The raid at one of the city's largest wholesale and retail markets came in March, after dozens of others crackdowns on fake UGG products at warehouses and private homes around the city this year, said Fang Gang, an officer with the Hongkou District Quality and Technical Supervision Bureau.
"We take action whenever we get leads about vendors selling phony brand name items," Fang told the Global Times Thursday. "Our efforts aimed at protecting the intellectual property rights of the brands in question."
Fang said that while the vendors will be punished and fined, he admitted that finding the manufacturers of the prod-ucts, is a much more difficult task.
"Most of the sellers only contact the manufacturers by phone," he said. "They don't actually know them, and so the vendors don't even know where to find them.
"The manufacturers are smart; they offer compensation to the sellers if they get caught and can't sell them all," he added.

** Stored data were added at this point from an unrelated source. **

theorem lemma7:
  fixes m t s \<alpha> :: nat
    and E :: "nat \<Rightarrow> (bit ^ 'm) set"
    and A B :: "nat set"
    and f g :: "bit ^ 'm \<Rightarrow> bit"
    and F :: "(bit ^ 'm \<Rightarrow> bit) set"
  assumes "CARD('m) = m" and "m \<ge> 6" and "even m" and "t = m div 2"
    and "2 \<le> s" and "s \<le> 2 ^ (t - 1)"
    and "partial_spread t \<alpha> E"
    and "A \<subseteq> {1..\<alpha>}" and "B \<subseteq> {1..\<alpha>}"
    and "card A = s" and "card B = s" and "card (A \<inter> B) = 1"
    and "f = (\<lambda>x. \<Sum>i\<in>A. spread_fun (E i) x)"
    and "g = (\<lambda>x. \<Sum>i\<in>B. spread_fun (E i) x)"
    and "F = {f, g, \<lambda>x. f x + g x}"
  shows "\<forall>h l f1 f2. h \<noteq> 0 \<and> l \<noteq> 0 \<and> h \<noteq> l \<and> f1 \<in> F \<and> f2 \<in> F \<and> f1 \<noteq> f2 \<longrightarrow>
           walsh f1 (h + l) + walsh f2 h - walsh (\<lambda>x. f1 x + f2 x) l \<noteq> 2 ^ m \<and>
           walsh f1 (h + l) + walsh f2 l - walsh (\<lambda>x. f1 x + f2 x) h \<noteq> 2 ^ m"
proof (intro allI impI)
  fix h l :: "bit ^ 'm" and f1 f2
  assume hl: "h \<noteq> 0 \<and> l \<noteq> 0 \<and> h \<noteq> l \<and> f1 \<in> F \<and> f2 \<in> F \<and> f1 \<noteq> f2"
  define C where "C = (A - B) \<union> (B - A)"
  have fin: "finite A" "finite B"
    using assms(8,9) finite_subset by blast+
  have m: "CARD('m) = 2 * t" and t: "2 \<le> t"
    using assms(1-4) by auto
  have "F = spread_sum E ` {A, B, C}"
    using assms(13-15) spread_sum_add[OF fin, of E]
    by (simp add: C_def spread_sum_def[abs_def])
  then obtain I J where IJ: "I \<in> {A, B, C}" "J \<in> {A, B, C}" "I \<noteq> J"
    and f12: "f1 = spread_sum E I" "f2 = spread_sum E J"
    using hl by blast
  have small: "2 * card (I \<inter> J) < 2 ^ t"
  proof -
    have "card (I \<inter> J) \<le> s - 1"
      using card_Int_among_symdiff_triple[OF fin assms(10-12,5)] IJ by (simp add: C_def)
    moreover have "2 * 2 ^ (t - 1) = (2 :: nat) ^ t"
      using t by (cases t) simp_all
    ultimately show ?thesis
      using assms(5,6) by linarith
  qed
  have "I \<subseteq> {1..\<alpha>}" "J \<subseteq> {1..\<alpha>}"
    using IJ assms(8,9) by (auto simp: C_def)
  then have less: "walsh f1 u + walsh f2 v - walsh (\<lambda>x. f1 x + f2 x) w < 2 ^ m"
    if "u \<noteq> 0" "v \<noteq> 0" "w \<noteq> 0" for u v w
    unfolding f12 assms(1)[symmetric]
    using walsh_spread_sum_combination_less[OF assms(7) m t _ _ small that] by blast
  have "h + l \<noteq> 0"
    using hl vec_bit_add_eq_0_iff by blast
  then show "walsh f1 (h + l) + walsh f2 h - walsh (\<lambda>x. f1 x + f2 x) l \<noteq> 2 ^ m \<and>
      walsh f1 (h + l) + walsh f2 l - walsh (\<lambda>x. f1 x + f2 x) h \<noteq> 2 ^ m"
    using hl by (intro conjI less_imp_neq less) auto
qed

end
theorem proposition2p20:
  fixes p d i :: nat
  assumes "prime p" and "0 < d" and "1 \<le> i"
    and "cpow_sum p 0 (i - 1) \<le> d" and "d \<le> cpow_sum p 0 i"
  shows "tau p d = (if \<exists>j\<le>i. d = cpow_sum p j i then i + 1 else i)
    \<and> int (tau p d) =
        (if \<exists>j i'. j \<le> i' \<and> d = cpow_sum p j i'
         then \<lceil>log (real p) (real ((p - 1) * d + 1))\<rceil>
         else \<lceil>log (real p) (real ((p - 1) * d + 1))\<rceil> - 1)"
proof -
  have p: "2 \<le> p" using assms(1) by (rule prime_ge_2_nat)
  have tau: "tau p d = (if \<exists>j\<le>i. d = cpow_sum p j i then i + 1 else i)"
    using tau_eq_if_between_cpow_sums[OF assms(1,3-5)] by simp
  let ?c = "\<lceil>log (real p) (real ((p - 1) * d + 1))\<rceil>"
  show ?thesis
  proof (cases "\<exists>j\<le>i. d = cpow_sum p j i")
    case True
    then obtain j where "j \<le> i" "d = cpow_sum p j i" by blast
    moreover have "?c = int i + 1" using ceiling_log_cpow_sum[OF p] calculation by simp
    ultimately show ?thesis using tau by auto
  next
    case False
    have c: "?c = (if d = cpow_sum p 0 (i - 1) then int i else int i + 1)"
      by (rule ceiling_log_between_cpow_sums[OF p assms(3-5)])
    have "(\<exists>j i'. j \<le> i' \<and> d = cpow_sum p j i') \<longleftrightarrow> d = cpow_sum p 0 (i - 1)"
    proof
      assume "\<exists>j i'. j \<le> i' \<and> d = cpow_sum p j i'"
      then obtain j i' where "j \<le> i'" "d = cpow_sum p j i'" by blast
      \<comment> \<open>The ceiling is \<open>i' + 1\<close>; were it \<open>i + 1\<close>, then \<open>d = cpow_sum p j i\<close>.\<close>
      moreover have "?c = int i' + 1" using ceiling_log_cpow_sum[OF p] calculation by simp
      ultimately show "d = cpow_sum p 0 (i - 1)" using c False by (auto split: if_splits)
    qed auto
    then show ?thesis using tau c False by auto
  qed
qed

end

According to a man surnamed Shi, from the Beijing-based Zhu Cheng Law Firm, who is UGG's agent in China, Shanghai should do more to crack down on the illegal activity.
"As many as 20 producers distributing fake UGGs have been found this year," he told the Global Times Thursday. "But because they don't face serious punishment, and never have to pay that large of a fine, many of them continue producing the fake products after they've been let off the hook."
Shi, however, admitted that Shanghai's attempts to crack down on UGG fakes fares better than those of Guangzhou, Zhenjiang and Wenzhou, where a greater number of knockoff UGG boots appear to surface.
Fang could not disclose the amount of fines the vendors would be given Thursday, but said that in previous cases, vendors caught selling knockoff merchandise were fined less than the amount of the market value of the goods in their possession.